→ **What you need to do**: Pull out of the data below the stretch of lines bounded by the one containing "theory Submission" and the one containing "which evaluates the", both bounds included, unchanged.

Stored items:
*** Begin section ***
(* Let $0<s_1<s_2$, $m\ge 2$, $N=4m+1$, and let $\mathcal C\in\mathbb R^{N\times N}$ be the defect capacitance matrix. For a square matrix $M$ write $\chi_M(x)=\det(xI-M)$, and put $z=x-\alpha$. Then $$\chi_{\mathcal C}(x)=\chi_{A_{2m}^{(\beta_2,0)}(\alpha,\beta_1,\beta_2)}(x)\cdot\Big(\big[(z-\beta_1)P_m^*(x)+\big(\beta_2(\beta_1-\beta_2)z-\beta_2\beta_1^2-(\beta_1-\beta_2)\beta_2^2\big)P_{m-1}^*(x)\big]-\beta_2^2\big[(z-\beta_2)P_{m-1}^*(x)-\beta_2\beta_1^2P_{m-2}^*(x)\big]\Big).$$ Equivalently, $\chi_{\mathcal C}=\chi_{A_{2m+1}^{(\beta_2,\beta_1-\beta_2)}(\alpha,\beta_1,\beta_2)}\,\chi_{A_{2m}^{(0,\beta_2)}(\alpha,\beta_1,\beta_2)}-\beta_2^2\,\chi_{A_{2m}^{(\beta_2,0)}(\alpha,\beta_1,\beta_2)}\,\chi_{A_{2m-1}^{(0,\beta_2)}(\alpha,\beta_2,\beta_1)}$, where the matrices $A_{2m}^{(0,\beta_2)}(\alpha,\beta_1,\beta_2)$ and $A_{2m}^{(\beta_2,0)}(\alpha,\beta_1,\beta_2)$ have the same characteristic polynomial.
   Context: Set $\alpha=\frac1{s_1}+\frac1{s_2}$, $\beta_1=-\frac1{s_1}$, $\beta_2=-\frac1{s_2}$, $\eta=\frac{2}{s_2}$. The defect capacitance matrix $\mathcal C=\mathcal C_N$ ($N=4m+1$) is the real symmetric tridiagonal matrix with diagonal entries $\mathcal C_{11}=\mathcal C_{NN}=\frac1{s_1}$, $\mathcal C_{2m+1,2m+1}=\eta$, and $\mathcal C_{ii}=\alpha$ otherwise, and off-diagonal entries $\mathcal C_{i,i+1}=\mathcal C_{i+1,i}$ equal to $\beta_1$ for $i$ odd and $\beta_2$ for $i$ even when $1\le i\le 2m$, and equal to $\beta_2$ for $i$ odd and $\beta_1$ for $i$ even when $2m+1\le i\le 4m$. (It is the capacitance matrix of $4m+1$ resonators whose spacings alternate $s_1,s_2,\dots$ up to the centre resonator and are mirrored afterwards.) For reals $\alpha,\beta_1,\beta_2,a,b$: $A_{2k+1}^{(a,b)}(\alpha,\beta_1,\beta_2)\in\mathbb R^{(2k+1)\times(2k+1)}$ is the symmetric tridiagonal matrix with diagonal $(\alpha+a,\alpha,\dots,\alpha,\alpha+b)$ and $(i,i+1)$ off-diagonal entries $\beta_1$ for $i$ odd, $\beta_2$ for $i$ even ($1\le i\le 2k$); $A_{2k}^{(a,b)}(\alpha,\beta_1,\beta_2)\in\mathbb R^{2k\times 2k}$ is defined in the same way with size $2k$ (first and last off-diagonal entries $\beta_1$). With $U_k$ the Chebyshev polynomials of the second kind, $P_k^*(x):=(\beta_1\beta_2)^kU_k\!\Big(\frac{(x-\alpha)^2-\beta_1^2-\beta_2^2}{2\beta_1\beta_2}\Big)$. *)

theory Defs
  imports "Jordan_Normal_Form.Char_Poly"
begin

fun chebU :: "nat \<Rightarrow> real \<Rightarrow> real" where
  "chebU 0 t = 1"
| "chebU (Suc 0) t = 2 * t"
| "chebU (Suc (Suc k)) t = 2 * t * chebU (Suc k) t - chebU k t"

definition Pstar :: "real \<Rightarrow> real \<Rightarrow> real \<Rightarrow> nat \<Rightarrow> real \<Rightarrow> real" where
  "Pstar \<alpha> \<beta>1 \<beta>2 k x =
     (\<beta>1 * \<beta>2) ^ k * chebU k (((x - \<alpha>)^2 - \<beta>1^2 - \<beta>2^2) / (2 * \<beta>1 * \<beta>2))"

text \<open>A_n^{(a,b)}(alpha,beta1,beta2): n x n symmetric tridiagonal matrix, diagonal
  (alpha+a, alpha, ..., alpha, alpha+b); the (i,i+1) off-diagonal entry (1-based i)
  is beta1 for i odd and beta2 for i even. Indices below are 0-based.\<close>
definition Amat :: "nat \<Rightarrow> real \<Rightarrow> real \<Rightarrow> real \<Rightarrow> real \<Rightarrow> real \<Rightarrow> real mat" where
  "Amat n a b \<alpha> \<beta>1 \<beta>2 = mat n n (\<lambda>(i, j).
     if i = j then \<alpha> + (if i = 0 then a else 0) + (if i = n - 1 then b else 0)
     else if i + 1 = j \<or> j + 1 = i then (if even (min i j) then \<beta>1 else \<beta>2)
     else 0)"

definition defect_cap :: "real \<Rightarrow> real \<Rightarrow> nat \<Rightarrow> real mat" where
  "defect_cap s1 s2 m = (let N = 4 * m + 1; \<alpha> = 1/s1 + 1/s2; \<beta>1 = - 1/s1; \<beta>2 = - 1/s2;
     \<eta> = 2/s2 in
     mat N N (\<lambda>(i, j).
       if i = j then (if i = 0 \<or> i = N - 1 then 1/s1 else if i = 2 * m then \<eta> else \<alpha>)
       else if i + 1 = j \<or> j + 1 = i then
         (if min i j < 2 * m then (if even (min i j) then \<beta>1 else \<beta>2)
          else (if even (min i j) then \<beta>2 else \<beta>1))
       else 0))"

end

theory Submission
  imports Defs
begin

text \<open>Every matrix involved is symmetric tridiagonal, so each characteristic polynomial is a
  continuant, i.e.\ satisfies the three-term recurrence of cofactor expansion along the last row.
  Expanding the continuant of the defect matrix at the centre resonator splits it into the
  products of continuants of the two halves; reversing a half of even length shows the two
  halves have the same characteristic polynomial. With constant diagonal and alternating
  off-diagonal entries, two steps of the recurrence give the Chebyshev recurrence of \<open>P\<^sup>*\<^sub>k\<close>,
  which evaluates the remaining continuants.\<close>

definition tridiag :: "nat \<Rightarrow> (nat \<Rightarrow> 'a::comm_ring_1) \<Rightarrow> (nat \<Rightarrow> 'a) \<Rightarrow> 'a mat" where
  "tridiag n d e = mat n n (\<lambda>(i, j).
     if i = j then d i else if i + 1 = j then e i else if j + 1 = i then e j else 0)"

fun continuant :: "(nat \<Rightarrow> 'a::comm_ring_1) \<Rightarrow> (nat \<Rightarrow> 'a) \<Rightarrow> nat \<Rightarrow> 'a" where
  "continuant d e 0 = 1"
| "continuant d e (Suc 0) = d 0"
| "continuant d e (Suc (Suc n)) = d (Suc n) * continuant d e (Suc n) - e n * e n * continuant d e n"

lemma tridiag_carrier [simp]: "tridiag n d e \<in> carrier_mat n n"
  unfolding tridiag_def by auto

lemma det_tridiag: "det (tridiag n d e) = continuant d e n"
proof (induction d e n rule: continuant.induct)
  case (1 d e)
  then show ?case by (simp add: tridiag_def)
next
  case (2 d e)
  have "det (tridiag 1 d e) = (\<Sum>j<1. tridiag 1 d e $$ (0, j) * cofactor (tridiag 1 d e) 0 j)"
    by (rule laplace_expansion_row) auto
  then show ?case by (simp add: tridiag_def cofactor_def mat_delete_def)
next
  case (3 d e n)
  let ?A = "tridiag (Suc (Suc n)) d e"
  define B where "B = mat_delete ?A (Suc n) n"
  have B_carrier: "B \<in> carrier_mat (Suc n) (Suc n)"
    unfolding B_def mat_delete_def tridiag_def by auto
  have delete_A: "mat_delete ?A (Suc n) (Suc n) = tridiag (Suc n) d e"
    by (rule eq_matI) (auto simp: tridiag_def mat_delete_def)
  have delete_B: "mat_delete B n n = tridiag n d e"
    by (rule eq_matI) (auto simp: B_def tridiag_def mat_delete_def)
  \<comment> \<open>the last column of \<open>B\<close> has the single nonzero entry \<open>e n\<close>\<close>
  have "det B = (\<Sum>i<Suc n. B $$ (i, n) * cofactor B i n)"
    by (rule laplace_expansion_column[OF B_carrier]) auto
  also have "\<dots> = (\<Sum>i\<in>{n}. B $$ (i, n) * cofactor B i n)"
    by (rule sum.mono_neutral_right) (auto simp: B_def tridiag_def mat_delete_def)
  also have "\<dots> = e n * continuant d e n"
  proof -
    have "B $$ (n, n) = e n" by (simp add: B_def tridiag_def mat_delete_def)
    then show ?thesis using "3.IH"(2) delete_B by (simp add: cofactor_def)
  qed
  finally have det_B: "det B = e n * continuant d e n" .
  have "det ?A = (\<Sum>j<Suc (Suc n). ?A $$ (Suc n, j) * cofactor ?A (Suc n) j)"
    by (rule laplace_expansion_row) auto
  also have "\<dots> = (\<Sum>j\<in>{n, Suc n}. ?A $$ (Suc n, j) * cofactor ?A (Suc n) j)"
    by (rule sum.mono_neutral_right) (auto simp: tridiag_def)
  also have "\<dots> = d (Suc n) * continuant d e (Suc n) - e n * e n * continuant d e n"
    using "3.IH"(1) det_B delete_A by (simp add: tridiag_def cofactor_def B_def)
  finally show ?case by simp
qed

lemma continuant_cong:
  assumes "\<And>i. i < n \<Longrightarrow> d i = d' i" and "\<And>i. Suc i < n \<Longrightarrow> e i * e i = e' i * e' i"
  shows "continuant d e n = continuant d' e' n"
  using assms
proof (induction d e n rule: continuant.induct)
  case (3 d e n)
  have "continuant d e (Suc n) = continuant d' e' (Suc n)"
    by (rule "3.IH"(1)) (use "3.prems" in auto)
  moreover have "continuant d e n = continuant d' e' n"
    by (rule "3.IH"(2)) (use "3.prems" in auto)
  moreover have "d (Suc n) = d' (Suc n)" and "e n * e n = e' n * e' n"
    using "3.prems" by auto
  ultimately show ?case by simp
qed auto

lemma poly_continuant:
  "poly (continuant d e n) x = continuant (\<lambda>i. poly (d i) x) (\<lambda>i. poly (e i) x) n"
  by (induction d e n rule: continuant.induct) auto

lemma continuant_split:
  "continuant d e (Suc p + Suc q) =
     continuant d e (Suc p) * continuant (\<lambda>i. d (i + Suc p)) (\<lambda>i. e (i + Suc p)) (Suc q)
     - e p * e p * continuant d e p
         * continuant (\<lambda>i. d (i + Suc (Suc p))) (\<lambda>i. e (i + Suc (Suc p))) q"
proof -
  define T where "T = continuant d e"
  define S where "S = continuant (\<lambda>i. d (i + Suc p)) (\<lambda>i. e (i + Suc p))"
  define R where "R = continuant (\<lambda>i. d (i + Suc (Suc p))) (\<lambda>i. e (i + Suc (Suc p)))"
  have T_rec: "T (Suc (Suc k)) = d (Suc k) * T (Suc k) - e k * e k * T k" for k
    by (simp add: T_def)
  have S_rec: "S (Suc (Suc k)) = d (Suc k + Suc p) * S (Suc k)
      - e (k + Suc p) * e (k + Suc p) * S k" for k
    by (simp add: S_def)
  have R_rec: "R (Suc (Suc k)) = d (Suc (Suc k) + Suc p) * R (Suc k)
      - e (Suc k + Suc p) * e (Suc k + Suc p) * R k" for k
    by (simp add: R_def)
  let ?split = "\<lambda>q. T (Suc p + Suc q) = T (Suc p) * S (Suc q) - e p * e p * T p * R q"
  \<comment> \<open>both sides satisfy the recurrence in \<open>q\<close>, so two consecutive values are carried along\<close>
  have "?split q \<and> ?split (Suc q)"
  proof (induction q)
    case 0
    have "T (Suc p + Suc (Suc 0)) = d (Suc (Suc p)) * T (Suc p + Suc 0)
        - e (Suc p) * e (Suc p) * T (Suc p)"
      using T_rec[of "Suc p"] by simp
    then show ?case
      using T_rec[of p] by (simp add: S_def R_def algebra_simps)
  next
    case (Suc q)
    then have IH: "?split q" "?split (Suc q)" by auto
    have "T (Suc p + Suc (Suc (Suc q))) = d (Suc (Suc q) + Suc p) * T (Suc p + Suc (Suc q))
        - e (Suc q + Suc p) * e (Suc q + Suc p) * T (Suc p + Suc q)"
      using T_rec[of "Suc p + Suc q"] by (simp add: add.commute)
    then have "?split (Suc (Suc q))"
      unfolding IH S_rec[of "Suc q"] R_rec[of q] by (simp add: algebra_simps)
    with IH show ?case by blast
  qed
  then show ?thesis unfolding T_def S_def R_def by blast
qed

lemma continuant_Suc_Suc_first:
  "continuant d e (Suc (Suc n)) = d 0 * continuant (\<lambda>i. d (Suc i)) (\<lambda>i. e (Suc i)) (Suc n)
     - e 0 * e 0 * continuant (\<lambda>i. d (Suc (Suc i))) (\<lambda>i. e (Suc (Suc i))) n"
  using continuant_split[of d e 0 n] by simp

lemma continuant_rev:
  "continuant d e n = continuant (\<lambda>i. d (n - 1 - i)) (\<lambda>i. e (n - 2 - i)) n"
proof (induction n arbitrary: d e rule: less_induct)
  case (less n)
  consider "n < 2" | l where "n = Suc (Suc l)"
    by (metis add_2_eq_Suc' le_add_diff_inverse2 not_less)
  then show ?case
  proof cases
    case 1
    then show ?thesis by (cases n) auto
  next
    case n: 2
    have "continuant (\<lambda>i. d (n - 1 - i)) (\<lambda>i. e (n - 2 - i)) n
        = d (Suc l) * continuant (\<lambda>i. d (Suc l - 1 - i)) (\<lambda>i. e (Suc l - 2 - i)) (Suc l)
          - e l * e l * continuant (\<lambda>i. d (l - 1 - i)) (\<lambda>i. e (l - 2 - i)) l"
      unfolding n continuant_Suc_Suc_first by (simp add: numeral_2_eq_2)
    also have "\<dots> = continuant d e n"
      using less[of "Suc l" d e] less[of l d e] by (simp add: n)
    finally show ?thesis ..
  qed
qed

lemma continuant_perturb_last:
  assumes "\<And>i. i < n \<Longrightarrow> d i = d' i" and "d n = d' n + c"
  shows "continuant d e (Suc n) = continuant d' e (Suc n) + c * continuant d' e n"
proof (cases n)
  case (Suc k)
  have "continuant d e (Suc k) = continuant d' e (Suc k)" and "continuant d e k = continuant d' e k"
    by (rule continuant_cong; use assms Suc in auto)+
  then show ?thesis using assms(2) Suc by (simp add: algebra_simps)
qed (use assms in simp)

lemma continuant_perturb_first:
  assumes "\<And>i. 0 < i \<Longrightarrow> i \<le> n \<Longrightarrow> d i = d' i" and "d 0 = d' 0 + c"
  shows "continuant d e (Suc n) =
    continuant d' e (Suc n) + c * continuant (\<lambda>i. d' (Suc i)) (\<lambda>i. e (Suc i)) n"
proof (cases n)
  case (Suc k)
  have "continuant (\<lambda>i. d (Suc i)) (\<lambda>i. e (Suc i)) (Suc k)
      = continuant (\<lambda>i. d' (Suc i)) (\<lambda>i. e (Suc i)) (Suc k)"
   and "continuant (\<lambda>i. d (Suc (Suc i))) (\<lambda>i. e (Suc (Suc i))) k
      = continuant (\<lambda>i. d' (Suc (Suc i))) (\<lambda>i. e (Suc (Suc i))) k"
    by (rule continuant_cong; use assms Suc in auto)+
  then show ?thesis
    unfolding Suc continuant_Suc_Suc_first using assms(2) by (simp add: algebra_simps)
qed (use assms in simp)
*** End section ***
→ **Response area**:
theory Submission
  imports Defs
begin

text \<open>Every matrix involved is symmetric tridiagonal, so each characteristic polynomial is a
  continuant, i.e.\ satisfies the three-term recurrence of cofactor expansion along the last row.
  Expanding the continuant of the defect matrix at the centre resonator splits it into the
  products of continuants of the two halves; reversing a half of even length shows the two
  halves have the same characteristic polynomial. With constant diagonal and alternating
  off-diagonal entries, two steps of the recurrence give the Chebyshev recurrence of \<open>P\<^sup>*\<^sub>k\<close>,
  which evaluates the remaining continuants.\<close>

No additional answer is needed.